Perhaps I could have fought off the pheromones from the two guards, but once I found myself in line, a new problem arose. That problem came in the form of a second set of pheromones lining the ground. It was thin, almost undetectable, but once on top of it, my antennae immediately picked it out of the air. So, that was how the workers stayed in line. Meanwhile, I felt compelled to follow the trail, moving in that same breakneck pace that my fellow workers kept up around me.
I know that, from a human perspective, I was only clocking in at a couple inches per second at most. Down here, though, I was eating up ground like an offroad vehicle, all six legs a blur of organized frenzy. Soon, I had reached the crack in the wall. Without hesitation, I dived through head-first into utter darkness.
It didn’t even occur to me when I switched from sight to smell, maybe because smell had been a major factor in my new navigation even before now. In any case, I suddenly became aware that I was in a makeshift tunnel leading downward. Taking advantage of miniscule gaps between the various building materials of my house, I wound my way deeper beneath the floor until I emerged at the top of the foundation.

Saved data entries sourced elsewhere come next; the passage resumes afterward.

(* Let $G$ be a finite simple graph on the vertex set $\{1,\dots,n\}$ containing a cycle of length $3$. Then, as subsets of $\mathrm{span}_{\mathbb{Q}}\{x_1,\dots,x_n,y_1,\dots,y_n\}$, the resonance variety $\mathcal{R}^1(E_2(G),d_2)$ is strictly contained in $\mathcal{R}^1(E_3(G),0)$.
   Context: Let $E$ be a complex elliptic curve, $x,y$ a basis of $H^1(E;\mathbb{Q})$ with $xy$ generating $H^2$. Let $E_2(n)$ be the quotient of the free graded-commutative algebra (for total degree) over $\mathbb{Q}$ on $x_i,y_i$ ($1\le i\le n$) of bidegree $(1,0)$ and $\omega_{ij}=\omega_{ji}$ ($i\ne j$) of bidegree $(0,1)$ by the relations $(x_i-x_j)\omega_{ij}=0$, $(y_i-y_j)\omega_{ij}=0$, $\omega_{ij}\omega_{jk}+\omega_{jk}\omega_{ki}+\omega_{ki}\omega_{ij}=0$ (distinct $i,j,k$), with the derivation $d_2$ of bidegree $(2,-1)$, $d_2x_i=d_2y_i=0$, $d_2\omega_{ij}=(x_i-x_j)(y_i-y_j)$. For a graph $G$ with edge set $\mathcal{E}$, $E_2(G)$ is the sub-differential bigraded algebra generated by all $x_i,y_i$ and the $\omega_{ij}$ with $\{i,j\}\in\mathcal{E}$ (the $E_2$ page of the rational Leray spectral sequence of $M(G)=\{P\in E^n\mid P_i\ne P_j,\ \{i,j\}\in\mathcal{E}\}\hookrightarrow E^n$), and $E_3(G)$ is its $d_2$-cohomology. Both are regarded as CDGAs with the total degree $p+q$, $E_2(G)$ with differential $d_2$ and $E_3(G)$ with zero differential; in both cases $H^1$ is identified with $E_2^{1,0}(G)=\mathrm{span}_{\mathbb{Q}}\{x_i,y_i\}$. For a CDGA $(A,d)$ with $A^0=\mathbb{Q}$ and $z\in H^1(A,d)$ (a degree-one cocycle), set $d_z(e)=ze+d(e)$; the first resonance variety is $\mathcal{R}^1(A)=\{z\in H^1(A,d)\mid H^1(A,d_z)\ne0\}$. *)

theory Defs
  imports Complex_Main
begin

text \<open>Generators of E_2(n): x_i, y_i (bidegree (1,0)) and omega_ij (bidegree (0,1)).
  omega_ij = omega_ji is encoded by normalising to W (min i j) (max i j).
  All generators have total degree 1 (odd), so the free graded-commutative algebra
  is the exterior algebra on them; its degree 2 part is modelled as antisymmetric
  coefficient functions on pairs of generators.\<close>

datatype gen = X nat | Y nat | W nat nat

definition om :: "nat \<Rightarrow> nat \<Rightarrow> gen" where
  "om i j = W (min i j) (max i j)"

definition bas :: "gen \<Rightarrow> gen \<Rightarrow> rat" where
  "bas g = (\<lambda>h. if h = g then 1 else 0)"

definition xg :: "nat \<Rightarrow> gen \<Rightarrow> rat" where "xg i = bas (X i)"
definition yg :: "nat \<Rightarrow> gen \<Rightarrow> rat" where "yg i = bas (Y i)"
definition wg :: "nat \<Rightarrow> nat \<Rightarrow> gen \<Rightarrow> rat" where "wg i j = bas (om i j)"

definition vdiff :: "('a \<Rightarrow> rat) \<Rightarrow> ('a \<Rightarrow> rat) \<Rightarrow> 'a \<Rightarrow> rat" where
  "vdiff u v = (\<lambda>t. u t - v t)"

definition vadd :: "('a \<Rightarrow> rat) \<Rightarrow> ('a \<Rightarrow> rat) \<Rightarrow> 'a \<Rightarrow> rat" where
  "vadd u v = (\<lambda>t. u t + v t)"
lemma ncp_mult_nonzero_split:
  assumes "ncp_mult p q w \<noteq> 0"
  obtains k where "p (take k w) \<noteq> 0" "q (drop k w) \<noteq> 0"
proof (rule ccontr)
  assume "\<not> thesis"
  then have "\<forall>k\<in>{..length w}. p (take k w) * q (drop k w) = 0"
    using that by (metis mult_zero_left mult_zero_right)
  then show False
    using assms unfolding ncp_mult_def by simp
qed

lemma rel_ideal_uminus:
  "p \<in> rel_ideal UNIV n gs \<Longrightarrow> (\<lambda>w. - p w) \<in> rel_ideal UNIV n gs"
proof (induction rule: rel_ideal.induct)
  case zero
  then show ?case using rel_ideal.zero by simp
next
  case (gen a b i)
  have "(\<lambda>w. - a w) \<in> FreeAlg UNIV n"
    using gen(1) unfolding FreeAlg_def by auto
  then have "ncp_mult (ncp_mult (\<lambda>w. - a w) (gs ! i)) b \<in> rel_ideal UNIV n gs"
    using gen rel_ideal.gen by blast
  moreover have "ncp_mult (\<lambda>w. - g w) f = (\<lambda>w. - ncp_mult g f w)" for g f :: "nat list \<Rightarrow> 'a"
    unfolding ncp_mult_def by (simp add: sum_negf)
  ultimately show ?case
    by simp
next
  case (add p q)
  then have "ncp_add (\<lambda>w. - p w) (\<lambda>w. - q w) \<in> rel_ideal UNIV n gs"
    using rel_ideal.add by blast
  then show ?case
    by (simp add: ncp_add_def)
qed
definition H2 :: "nat \<Rightarrow> (real^'n \<Rightarrow> real^'n) \<Rightarrow> bool" where
  "H2 k w \<longleftrightarrow> Hsol k w \<and> (\<forall>x\<in>sphere 0 1. Aop w x = w x)"

text \<open>W^{1,2}(S^{n-1}) inner product (normalized; normalization irrelevant for orthogonality).\<close>
definition W12_inner :: "(real^'n \<Rightarrow> real^'n) \<Rightarrow> (real^'n \<Rightarrow> real^'n) \<Rightarrow> real" where
  "W12_inner w v = Av (\<lambda>x. w x \<bullet> v x + (\<Sum>j\<in>UNIV. gradT (comp w j) x \<bullet> gradT (comp v j) x))"

definition H3 :: "nat \<Rightarrow> (real^'n \<Rightarrow> real^'n) \<Rightarrow> bool" where
  "H3 k w \<longleftrightarrow> Hnk k w \<and> (\<forall>v. Hsol k v \<longrightarrow> W12_inner w v = 0)"

definition Hki :: "nat \<Rightarrow> nat \<Rightarrow> (real^'n \<Rightarrow> real^'n) \<Rightarrow> bool" where
  "Hki k i w \<longleftrightarrow> (if i = 1 then H1 k w else if i = 2 then H2 k w else H3 k w)"

definition QV :: "(real^'n \<Rightarrow> real^'n) \<Rightarrow> real" where
  "QV w = real CARD('n) / 2 * Av (\<lambda>x. w x \<bullet> Aop w x)"

definition Qn :: "(real^'n \<Rightarrow> real^'n) \<Rightarrow> real" where
  "Qn w = (let n = real CARD('n) in
     n / (2 * (n - 1)) * Av (\<lambda>x. gradT_sq w x + (n - 3) / (n - 1) * (divS w x)\<^sup>2) - QV w)"

definition lam :: "real \<Rightarrow> nat \<Rightarrow> real" where
  "lam n k = real k * (real k + n - 2)"

definition sig :: "real \<Rightarrow> nat \<Rightarrow> nat \<Rightarrow> real" where
  "sig n k i = (if i = 1 then - real k else if i = 2 then 1 else real k + n - 2)"

definition cc :: "real \<Rightarrow> nat \<Rightarrow> nat \<Rightarrow> real" where
  "cc n k i = n * sig n k i / (2 * lam n k)"

definition alph :: "real \<Rightarrow> nat \<Rightarrow> nat \<Rightarrow> real" where
  "alph n k i = (sig n k i)\<^sup>2 * (2 * lam n k * cc n k i - n) / (n * lam n k * (2 * sig n k i - n))"

definition CC :: "real \<Rightarrow> nat \<Rightarrow> nat \<Rightarrow> real" where
  "CC n k i = n / (2 * (n - 1)) + n * (n - 3) / (2 * (n - 1)\<^sup>2) * alph n k i - cc n k i"

end

theory Submission
  imports Defs
begin

text \<open>All quantities are averages of polynomials over the sphere, and the only analytic input is
  the divergence identity \<open>Av (\<partial>\<^sub>i G) = (n + d - 1) Av (x\<^sub>i G)\<close> for a homogeneous polynomial \<open>G\<close> of
  degree \<open>d\<close>. It yields Green's identity for spherical harmonics, hence
  \<open>Av |\<nabla>\<^sub>T w|\<^sup>2 = k (k + n - 2) Av |w|\<^sup>2\<close>, and expresses \<open>Av \<langle>w, A w\<rangle>\<close> through \<open>Av |w|\<^sup>2\<close>,
  \<open>Av (div w\<^sub>h \<langle>w, x\<rangle>)\<close> and \<open>Av \<langle>w, x\<rangle>\<^sup>2\<close>. On \<open>H\<^sub>n\<^sub>,\<^sub>k\<^sub>,\<^sub>1\<close> and \<open>H\<^sub>n\<^sub>,\<^sub>k\<^sub>,\<^sub>2\<close> the eigenvalue
  equation for \<open>A\<close> closes these relations. A field of \<open>H\<^sub>n\<^sub>,\<^sub>k\<^sub>,\<^sub>3\<close> differs from the field
  \<open>|x|\<^sup>2 \<nabla>q - (n + 2k - 4) q x\<close>, built from \<open>q = div w\<^sub>h / \<beta>\<close>, by a solenoidal field that
  \<open>W\<^sup>1\<^sup>,\<^sup>2\<close>-orthogonality forces to vanish in mean square, so all its averages are multiples of
  \<open>Av q\<^sup>2\<close>.\<close>

section \<open>Homogeneous polynomials\<close>

definition monom_eval :: "('n \<Rightarrow> nat) \<Rightarrow> real^'n \<Rightarrow> real" where
  "monom_eval a x = (\<Prod>i\<in>UNIV. x$i ^ a i)"

text \<open>Lists of (exponent, coefficient) pairs represent polynomials in a form on which sums,
  products and partial derivatives are computed termwise.\<close>

definition poly_terms :: "(('n \<Rightarrow> nat) \<times> real) list \<Rightarrow> real^'n \<Rightarrow> real" where
  "poly_terms ts x = (\<Sum>t\<leftarrow>ts. snd t * monom_eval (fst t) x)"

definition hom_terms :: "nat \<Rightarrow> (('n::finite \<Rightarrow> nat) \<times> real) list \<Rightarrow> bool" where
  "hom_terms k ts \<longleftrightarrow> (\<forall>t\<in>set ts. sum (fst t) UNIV = k)"

definition pd_terms :: "'n \<Rightarrow> (('n \<Rightarrow> nat) \<times> real) list \<Rightarrow> (('n \<Rightarrow> nat) \<times> real) list" where
  "pd_terms i ts =
     map (\<lambda>t. ((fst t)(i := fst t i - 1), snd t * real (fst t i))) (filter (\<lambda>t. 0 < fst t i) ts)"

definition mult_terms ::
  "(('n \<Rightarrow> nat) \<times> real) list \<Rightarrow> (('n \<Rightarrow> nat) \<times> real) list \<Rightarrow> (('n \<Rightarrow> nat) \<times> real) list" where
  "mult_terms ts us = concat (map (\<lambda>t. map (\<lambda>u. (\<lambda>j. fst t j + fst u j, snd t * snd u)) us) ts)"

lemma poly_terms_Nil [simp]: "poly_terms [] = (\<lambda>x. 0)"
  by (simp add: poly_terms_def fun_eq_iff)

lemma poly_terms_Cons [simp]: "poly_terms (t # ts) x = snd t * monom_eval (fst t) x + poly_terms ts x"
  by (simp add: poly_terms_def)

lemma poly_terms_append [simp]: "poly_terms (ts @ us) x = poly_terms ts x + poly_terms us x"
  by (simp add: poly_terms_def)

lemma poly_terms_scale: "poly_terms (map (\<lambda>t. (fst t, c * snd t)) ts) x = c * poly_terms ts x"
  by (induction ts) (auto simp: algebra_simps)
lemma special_sudoku_relabel_or_reflect:
  assumes g0: "bij_betw g0 UNIV {1..5}" and "special_sudoku A"
  shows "\<exists>\<sigma>. bij_betw \<sigma> {1..5} {1..5} \<and>
    (A = relabel \<sigma> (linear_grid g0 3) \<or> A = relabel \<sigma> (reflect (linear_grid g0 3)))"
proof -
  obtain g s where g: "bij_betw g UNIV {1..5}" and s: "s \<in> {2, 3}" and A: "A = linear_grid g s"
    using assms(2) special_sudoku_iff_linear_grid by blast
  have "(- 3 :: 5) = 2" by simp
  then have "reflect (linear_grid g0 3) = linear_grid (g0 \<circ> (\<lambda>z. 4 - z)) 2"
    by (simp only: reflect_linear_grid)
  moreover have "bij_betw (g0 \<circ> (\<lambda>z. 4 - z)) UNIV {1..5}"
    using bij_diff g0 by (rule bij_betw_trans)
  ultimately show ?thesis
    using s linear_grid_eq_relabel[OF g g0, of 3] linear_grid_eq_relabel[OF g, of "g0 \<circ> (\<lambda>z. 4 - z)" 2]
    unfolding A by auto
qed

theorem mainTheorem7:
  shows "card {A. special_sudoku A} = 240 \<and>
    (\<exists>S0. special_sudoku S0 \<and>
       (\<forall>A. special_sudoku A \<longrightarrow>
          (\<exists>\<sigma>. bij_betw \<sigma> {1..5} {1..5} \<and>
                (A = relabel \<sigma> S0 \<or> A = relabel \<sigma> (reflect S0)))))"
proof -
  obtain g0 :: "5 \<Rightarrow> nat" where g0: "bij_betw g0 UNIV {1..5}"
    using finite_same_card_bij[of "UNIV :: 5 set" "{1..5 :: nat}"] by auto
  have "special_sudoku (linear_grid g0 3)" using g0 by (rule linear_grid_special_sudoku) simp
  then show ?thesis
    using card_special_sudoku special_sudoku_relabel_or_reflect[OF g0] by blast
qed

end
(* Let $\mathfrak g$ be a finite-dimensional Lie algebra over a field $\mathbb K$ of characteristic zero and let $V=V^2$ be a $\mathfrak g$-module regarded as a dg $\mathfrak g$-module concentrated in degree $2$. A linear map $\alpha_2\colon V^2\to\wedge^2\mathfrak g^\vee\otimes\mathfrak g$ defines a dg Loday–Pirashvili module $\alpha=\{\alpha_2\}$ on $V$ if and only if the corresponding map $\alpha_2\colon\wedge^2\mathfrak g\to\operatorname{Hom}(V^2,\mathfrak g)$ defines an abelian extension of $\mathfrak g$ along $\operatorname{Hom}(V^2,\mathfrak g)$, i.e. is a Chevalley–Eilenberg $2$-cocycle of $\mathfrak g$ with values in the $\mathfrak g$-module $\operatorname{Hom}(V^2,\mathfrak g)$.
   Context: $\operatorname{Hom}(V^2,\mathfrak g)$ is a $\mathfrak g$-module via $(x\cdot\phi)(v)=[x,\phi(v)]-\phi(x\triangleright v)$. For a dg $\mathfrak g$-module $S$, $\Omega_{\mathfrak g}(S)=\wedge^\bullet\mathfrak g^\vee\otimes S$ (degree $p+q$ on $\wedge^p\mathfrak g^\vee\otimes S^q$) carries the total differential $d^S_{\mathrm{tot}}=d^S_{\mathrm{CE}}+d^S$ (Chevalley–Eilenberg differential plus internal differential with sign $(-1)^p$). A dg Loday–Pirashvili module on a non-negative bounded dg $\mathfrak g$-module $V$ is a degree $0$ $\Omega_{\mathfrak g}$-linear map $\alpha\colon\Omega_{\mathfrak g}(V)\to\Omega_{\mathfrak g}(\mathfrak g)$ ($\mathfrak g$ in degree $0$ with adjoint action) with $\alpha\circ d^V_{\mathrm{tot}}=d^{\mathfrak g}_{\mathrm{CE}}\circ\alpha$; here $\alpha$ is generated by $\alpha_2$ via $\alpha(\omega\otimes v)=\omega\wedge\alpha_2(v)$. *)

theory Defs
  imports Complex_Main "HOL-Library.Function_Algebras"
begin

text \<open>Cochains of a Lie algebra g with values in a module S are represented as
  alternating multilinear maps g^p \<rightarrow> S, encoded as functions on lists of length p.\<close>

definition del :: "nat \<Rightarrow> 'a list \<Rightarrow> 'a list" where
  "del i xs = take i xs @ drop (Suc i) xs"

definition alt_sign :: "nat \<Rightarrow> 'a::ab_group_add \<Rightarrow> 'a" where
  "alt_sign k a = (if even k then a else - a)"
(* Assume all target-SINRs satisfy $\gamma^{\mathrm{tar}}_i>0$. Let $\boldsymbol{\gamma}^\star$ be an optimal solution of the SINR-assignment problem $$\max_{\boldsymbol{\gamma}\in\mathbf{T}_{\boldsymbol{\gamma}}} |\mathcal{A}(\boldsymbol{\gamma})| \quad\text{s.t.}\quad \boldsymbol{\gamma}\in\mathbf{F}_{\boldsymbol{\gamma}}\cap\mathbf{G}_{\boldsymbol{\gamma}}.$$ Then the power vector $\mathbf{p}(\boldsymbol{\gamma}^\star)=(\mathbf{I}-\mathbf{F}(\boldsymbol{\gamma}^\star))^{-1}\mathbf{U}(\boldsymbol{\gamma}^\star)$ is an optimal solution of the power-allocation problem $$\max_{\mathbf{p}} |\mathcal{S}(\mathbf{p})| \quad\text{s.t.}\quad 0\le p_i\le p^{\max}_i\ \forall i\in\mathcal{M},\quad \mathbf{p}\in\mathbf{G}_{\mathbf{p}},$$ and it is a minimal element (componentwise) of the set of optimal solutions of this power-allocation problem, i.e., no other optimal solution $\mathbf{p}'\neq \mathbf{p}(\boldsymbol{\gamma}^\star)$ satisfies $\mathbf{p}'\le \mathbf{p}(\boldsymbol{\gamma}^\star)$ componentwise.
   Context: Uplink multi-tier cellular model: users $\mathcal{M}=\{1,\dots,M\}$, base stations (BSs) $\mathcal{B}=\{1,\dots,B\}$, priority levels $\mathcal{K}=\{1,\dots,K\}$ ($1$ = highest). User $i$ is served by BS $b_i$; each user belongs to a priority level, and $\mathcal{M}^{\mathcal{K}}_q$ denotes the set of users with priority $q$. Uplink path gains $h_{m,i}>0$ (from user $i$ to BS $m$), noise powers $N_m>0$ at BS $m$, maximum powers $p_i^{\max}>0$. For a power vector $\mathbf{p}\in\mathbb{R}^M$, the SINR of user $i$ is $\gamma_i(\mathbf{p})=\frac{h_{b_i,i}p_i}{\sum_{j\ne i}h_{b_i,j}p_j+N_{b_i}}$. For an SINR vector $\boldsymbol{\gamma}\ge 0$, $\mathbf{p}(\boldsymbol{\gamma})=(\mathbf{I}-\mathbf{F}(\boldsymbol{\gamma}))^{-1}\mathbf{U}(\boldsymbol{\gamma})$ where $U_i=\gamma_iN_{b_i}/h_{b_i,i}$, $F_{ii}=0$, $F_{ij}=\gamma_i h_{b_i,j}/h_{b_i,i}$ for $i\ne j$ (assumed invertible whenever used). $\mathbf{F}_{\boldsymbol{\gamma}}=\{\boldsymbol{\gamma}: 0\le p_i(\boldsymbol{\gamma})\le p_i^{\max}\ \forall i\}$ (feasible SINR vectors). $\mathbf{T}_{\boldsymbol{\gamma}}=\prod_{i\in\mathcal{M}}\{\gamma^{\mathrm{tar}}_i,0\}$. $\mathcal{A}(\boldsymbol{\gamma})=\{i:\gamma_i>0\}$. $\mathcal{S}(\mathbf{p})=\{i:\gamma_i(\mathbf{p})\ge\gamma^{\mathrm{tar}}_i\}$. Priority constraint sets: $\mathbf{G}_{\mathbf{p}}$ is the set of $\mathbf{p}$ such that whenever some $i\in\mathcal{M}^{\mathcal{K}}_q$ with $q>1$ has $\gamma_i(\mathbf{p})\ge\gamma^{\mathrm{tar}}_i$, then $\gamma_j(\mathbf{p})\ge\gamma^{\mathrm{tar}}_j$ for all $j\in\mathcal{M}^{\mathcal{K}}_{q'}$, $q'<q$; $\mathbf{G}_{\boldsymbol{\gamma}}$ is defined identically with $\gamma_i$ in place of $\gamma_i(\mathbf{p})$. *)

theory Defs
  imports "HOL-Analysis.Analysis"
begin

From there, the line transitioned smoothly from horizontal travel to vertical, and things got even more interesting. I guess weighing almost nothing helps when climbing sheer walls, that and having feet covered in microscopic hooks. It hardly registered as vertical motion. The world simply turned sideways, and I continued as before.
On and on I went, no rest stops, no slowing down, no wasted movements, all the while driven on by these overwhelming instincts.
At last, I stepped off the house completely and plunged into another world. A world of ants.